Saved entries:
= Beginning of Section =
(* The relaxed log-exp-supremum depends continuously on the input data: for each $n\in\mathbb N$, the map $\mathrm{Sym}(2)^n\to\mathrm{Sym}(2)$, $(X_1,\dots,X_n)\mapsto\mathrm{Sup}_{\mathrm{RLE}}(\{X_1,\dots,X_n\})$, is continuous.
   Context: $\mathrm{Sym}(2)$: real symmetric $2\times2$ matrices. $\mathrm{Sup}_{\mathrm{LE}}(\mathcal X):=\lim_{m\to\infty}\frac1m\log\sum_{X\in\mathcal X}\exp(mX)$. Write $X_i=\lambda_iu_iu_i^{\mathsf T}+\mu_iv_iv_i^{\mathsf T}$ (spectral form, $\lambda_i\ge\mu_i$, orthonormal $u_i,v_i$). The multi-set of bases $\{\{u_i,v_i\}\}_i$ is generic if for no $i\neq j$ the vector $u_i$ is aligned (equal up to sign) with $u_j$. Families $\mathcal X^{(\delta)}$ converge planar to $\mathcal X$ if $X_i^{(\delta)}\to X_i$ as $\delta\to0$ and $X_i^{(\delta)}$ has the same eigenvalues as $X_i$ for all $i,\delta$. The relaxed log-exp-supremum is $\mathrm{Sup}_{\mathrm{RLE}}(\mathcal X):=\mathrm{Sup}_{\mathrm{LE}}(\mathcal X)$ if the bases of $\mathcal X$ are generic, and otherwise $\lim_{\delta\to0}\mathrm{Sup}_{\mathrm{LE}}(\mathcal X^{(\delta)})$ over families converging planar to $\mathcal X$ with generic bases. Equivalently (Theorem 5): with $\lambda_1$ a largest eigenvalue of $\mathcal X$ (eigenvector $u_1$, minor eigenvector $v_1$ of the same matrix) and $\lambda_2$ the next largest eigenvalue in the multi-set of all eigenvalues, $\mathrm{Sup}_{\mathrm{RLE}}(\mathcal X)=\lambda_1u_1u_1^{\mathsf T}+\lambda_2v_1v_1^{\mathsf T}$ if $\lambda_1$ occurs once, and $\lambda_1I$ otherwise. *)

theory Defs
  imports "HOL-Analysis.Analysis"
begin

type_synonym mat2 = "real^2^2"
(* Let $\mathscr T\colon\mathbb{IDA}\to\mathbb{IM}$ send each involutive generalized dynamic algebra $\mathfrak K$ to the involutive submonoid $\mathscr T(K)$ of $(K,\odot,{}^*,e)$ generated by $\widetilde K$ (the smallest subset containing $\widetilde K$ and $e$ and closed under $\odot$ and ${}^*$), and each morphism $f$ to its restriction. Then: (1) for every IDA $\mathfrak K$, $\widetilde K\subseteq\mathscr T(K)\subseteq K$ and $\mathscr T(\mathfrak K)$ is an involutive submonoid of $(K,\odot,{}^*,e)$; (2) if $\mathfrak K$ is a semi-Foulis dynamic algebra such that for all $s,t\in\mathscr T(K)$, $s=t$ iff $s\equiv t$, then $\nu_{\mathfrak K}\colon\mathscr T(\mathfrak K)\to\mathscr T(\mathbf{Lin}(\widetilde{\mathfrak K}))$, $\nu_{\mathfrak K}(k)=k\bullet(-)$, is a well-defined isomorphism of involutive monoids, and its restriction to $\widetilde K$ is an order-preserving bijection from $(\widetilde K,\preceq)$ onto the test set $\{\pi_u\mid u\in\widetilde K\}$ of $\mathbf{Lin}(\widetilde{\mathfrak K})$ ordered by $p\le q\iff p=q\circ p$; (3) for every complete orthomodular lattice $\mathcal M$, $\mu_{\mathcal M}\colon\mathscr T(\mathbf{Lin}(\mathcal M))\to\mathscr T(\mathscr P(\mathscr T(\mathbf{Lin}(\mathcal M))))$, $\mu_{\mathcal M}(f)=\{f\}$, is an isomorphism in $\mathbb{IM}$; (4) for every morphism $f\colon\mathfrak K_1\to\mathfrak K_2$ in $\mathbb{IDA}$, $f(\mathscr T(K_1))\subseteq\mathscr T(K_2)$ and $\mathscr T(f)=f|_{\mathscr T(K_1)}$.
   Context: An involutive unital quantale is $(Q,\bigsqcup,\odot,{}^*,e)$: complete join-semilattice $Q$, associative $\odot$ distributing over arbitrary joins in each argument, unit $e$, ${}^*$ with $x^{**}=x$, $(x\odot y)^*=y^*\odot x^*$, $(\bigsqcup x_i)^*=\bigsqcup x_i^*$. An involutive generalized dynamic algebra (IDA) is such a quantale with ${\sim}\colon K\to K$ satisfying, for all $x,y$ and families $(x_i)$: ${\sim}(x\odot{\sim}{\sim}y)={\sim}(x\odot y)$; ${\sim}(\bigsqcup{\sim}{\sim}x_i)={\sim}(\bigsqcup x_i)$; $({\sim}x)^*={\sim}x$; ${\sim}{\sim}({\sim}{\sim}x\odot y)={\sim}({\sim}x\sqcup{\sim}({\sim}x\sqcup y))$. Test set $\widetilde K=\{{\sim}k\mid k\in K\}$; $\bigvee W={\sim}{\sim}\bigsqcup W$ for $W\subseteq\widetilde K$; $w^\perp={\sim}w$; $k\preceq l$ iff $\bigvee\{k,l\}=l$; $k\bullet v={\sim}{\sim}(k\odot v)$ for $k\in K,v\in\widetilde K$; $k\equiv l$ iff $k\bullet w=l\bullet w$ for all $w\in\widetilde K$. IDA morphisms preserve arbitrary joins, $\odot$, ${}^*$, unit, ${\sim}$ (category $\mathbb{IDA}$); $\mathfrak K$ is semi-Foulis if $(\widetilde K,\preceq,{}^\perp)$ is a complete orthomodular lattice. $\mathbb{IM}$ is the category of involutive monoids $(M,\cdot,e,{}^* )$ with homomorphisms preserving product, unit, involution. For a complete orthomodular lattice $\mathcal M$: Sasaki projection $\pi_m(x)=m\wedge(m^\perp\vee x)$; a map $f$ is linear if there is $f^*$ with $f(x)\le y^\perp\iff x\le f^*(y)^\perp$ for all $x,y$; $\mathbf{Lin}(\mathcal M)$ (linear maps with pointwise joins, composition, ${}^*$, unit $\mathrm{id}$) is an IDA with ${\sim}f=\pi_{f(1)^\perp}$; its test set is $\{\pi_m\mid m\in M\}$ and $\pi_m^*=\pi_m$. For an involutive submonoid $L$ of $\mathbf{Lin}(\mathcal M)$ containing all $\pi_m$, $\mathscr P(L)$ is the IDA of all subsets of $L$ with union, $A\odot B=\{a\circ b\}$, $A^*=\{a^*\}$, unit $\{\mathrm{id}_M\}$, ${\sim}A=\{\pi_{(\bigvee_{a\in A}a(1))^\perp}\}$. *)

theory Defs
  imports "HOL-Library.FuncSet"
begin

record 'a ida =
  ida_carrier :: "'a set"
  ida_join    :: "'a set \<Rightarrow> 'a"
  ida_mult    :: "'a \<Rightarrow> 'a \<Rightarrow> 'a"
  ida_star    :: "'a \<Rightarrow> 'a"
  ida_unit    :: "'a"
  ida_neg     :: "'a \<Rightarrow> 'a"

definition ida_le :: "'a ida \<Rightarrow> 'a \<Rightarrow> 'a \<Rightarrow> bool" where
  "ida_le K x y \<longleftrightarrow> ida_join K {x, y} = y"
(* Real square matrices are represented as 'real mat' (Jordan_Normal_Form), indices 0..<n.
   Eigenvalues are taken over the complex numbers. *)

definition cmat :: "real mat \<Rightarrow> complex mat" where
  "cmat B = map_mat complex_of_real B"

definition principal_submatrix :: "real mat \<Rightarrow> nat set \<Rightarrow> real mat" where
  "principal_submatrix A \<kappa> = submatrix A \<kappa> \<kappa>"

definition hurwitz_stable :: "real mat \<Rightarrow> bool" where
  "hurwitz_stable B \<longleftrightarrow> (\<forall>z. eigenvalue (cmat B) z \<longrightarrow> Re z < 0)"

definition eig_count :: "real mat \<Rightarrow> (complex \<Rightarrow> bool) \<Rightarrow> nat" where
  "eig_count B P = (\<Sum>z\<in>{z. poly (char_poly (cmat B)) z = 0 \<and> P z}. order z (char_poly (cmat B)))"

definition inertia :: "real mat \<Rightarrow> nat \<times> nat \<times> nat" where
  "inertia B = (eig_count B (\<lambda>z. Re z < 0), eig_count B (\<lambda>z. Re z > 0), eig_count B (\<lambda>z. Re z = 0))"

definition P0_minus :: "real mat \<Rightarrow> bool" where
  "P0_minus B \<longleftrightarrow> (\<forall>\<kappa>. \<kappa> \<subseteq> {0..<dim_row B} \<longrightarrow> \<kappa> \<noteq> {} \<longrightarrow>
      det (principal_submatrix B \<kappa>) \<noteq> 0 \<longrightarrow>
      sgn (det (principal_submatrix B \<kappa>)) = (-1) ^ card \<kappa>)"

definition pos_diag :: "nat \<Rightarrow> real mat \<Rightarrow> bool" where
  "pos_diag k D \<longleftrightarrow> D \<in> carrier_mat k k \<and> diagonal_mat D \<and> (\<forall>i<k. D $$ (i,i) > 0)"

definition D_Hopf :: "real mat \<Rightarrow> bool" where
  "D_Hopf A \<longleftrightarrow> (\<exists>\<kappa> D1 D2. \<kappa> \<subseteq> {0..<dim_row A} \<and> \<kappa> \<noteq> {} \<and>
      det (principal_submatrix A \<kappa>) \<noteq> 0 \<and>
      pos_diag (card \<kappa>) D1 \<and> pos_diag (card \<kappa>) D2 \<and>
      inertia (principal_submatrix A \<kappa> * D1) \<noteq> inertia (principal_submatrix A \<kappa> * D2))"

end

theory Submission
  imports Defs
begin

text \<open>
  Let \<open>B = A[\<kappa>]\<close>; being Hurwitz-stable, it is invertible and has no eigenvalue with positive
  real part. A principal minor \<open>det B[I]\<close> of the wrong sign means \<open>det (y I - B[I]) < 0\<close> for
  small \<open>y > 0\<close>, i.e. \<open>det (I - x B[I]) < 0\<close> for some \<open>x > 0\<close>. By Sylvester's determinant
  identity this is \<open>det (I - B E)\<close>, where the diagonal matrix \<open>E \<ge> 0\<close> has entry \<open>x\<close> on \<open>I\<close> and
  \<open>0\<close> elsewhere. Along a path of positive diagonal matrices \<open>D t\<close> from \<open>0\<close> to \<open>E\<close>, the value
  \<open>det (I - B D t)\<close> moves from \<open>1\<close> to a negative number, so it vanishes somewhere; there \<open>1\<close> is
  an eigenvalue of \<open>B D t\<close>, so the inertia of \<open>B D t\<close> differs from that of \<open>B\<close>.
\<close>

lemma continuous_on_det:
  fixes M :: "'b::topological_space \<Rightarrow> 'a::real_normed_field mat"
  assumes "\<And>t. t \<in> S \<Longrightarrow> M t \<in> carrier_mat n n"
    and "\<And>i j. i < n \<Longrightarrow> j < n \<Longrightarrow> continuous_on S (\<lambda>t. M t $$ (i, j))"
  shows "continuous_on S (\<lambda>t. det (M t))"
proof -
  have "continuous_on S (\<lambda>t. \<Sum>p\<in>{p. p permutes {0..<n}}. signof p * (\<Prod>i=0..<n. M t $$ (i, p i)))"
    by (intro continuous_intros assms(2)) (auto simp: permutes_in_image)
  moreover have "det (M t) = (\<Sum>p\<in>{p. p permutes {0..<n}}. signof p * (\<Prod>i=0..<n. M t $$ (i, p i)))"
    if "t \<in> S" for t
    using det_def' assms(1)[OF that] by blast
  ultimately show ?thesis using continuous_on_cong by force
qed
= End of Section =
Task — Transcribe each line of the data above, unaltered, from the one where "sgn (det (principal_submatrix" appears to the one where "there \<open>1\<close> is" appears, inclusive of both.

Answer to the problem —
      sgn (det (principal_submatrix B \<kappa>)) = (-1) ^ card \<kappa>)"

definition pos_diag :: "nat \<Rightarrow> real mat \<Rightarrow> bool" where
  "pos_diag k D \<longleftrightarrow> D \<in> carrier_mat k k \<and> diagonal_mat D \<and> (\<forall>i<k. D $$ (i,i) > 0)"

definition D_Hopf :: "real mat \<Rightarrow> bool" where
  "D_Hopf A \<longleftrightarrow> (\<exists>\<kappa> D1 D2. \<kappa> \<subseteq> {0..<dim_row A} \<and> \<kappa> \<noteq> {} \<and>
      det (principal_submatrix A \<kappa>) \<noteq> 0 \<and>
      pos_diag (card \<kappa>) D1 \<and> pos_diag (card \<kappa>) D2 \<and>
      inertia (principal_submatrix A \<kappa> * D1) \<noteq> inertia (principal_submatrix A \<kappa> * D2))"

end

theory Submission
  imports Defs
begin

text \<open>
  Let \<open>B = A[\<kappa>]\<close>; being Hurwitz-stable, it is invertible and has no eigenvalue with positive
  real part. A principal minor \<open>det B[I]\<close> of the wrong sign means \<open>det (y I - B[I]) < 0\<close> for
  small \<open>y > 0\<close>, i.e. \<open>det (I - x B[I]) < 0\<close> for some \<open>x > 0\<close>. By Sylvester's determinant
  identity this is \<open>det (I - B E)\<close>, where the diagonal matrix \<open>E \<ge> 0\<close> has entry \<open>x\<close> on \<open>I\<close> and
  \<open>0\<close> elsewhere. Along a path of positive diagonal matrices \<open>D t\<close> from \<open>0\<close> to \<open>E\<close>, the value
  \<open>det (I - B D t)\<close> moves from \<open>1\<close> to a negative number, so it vanishes somewhere; there \<open>1\<close> is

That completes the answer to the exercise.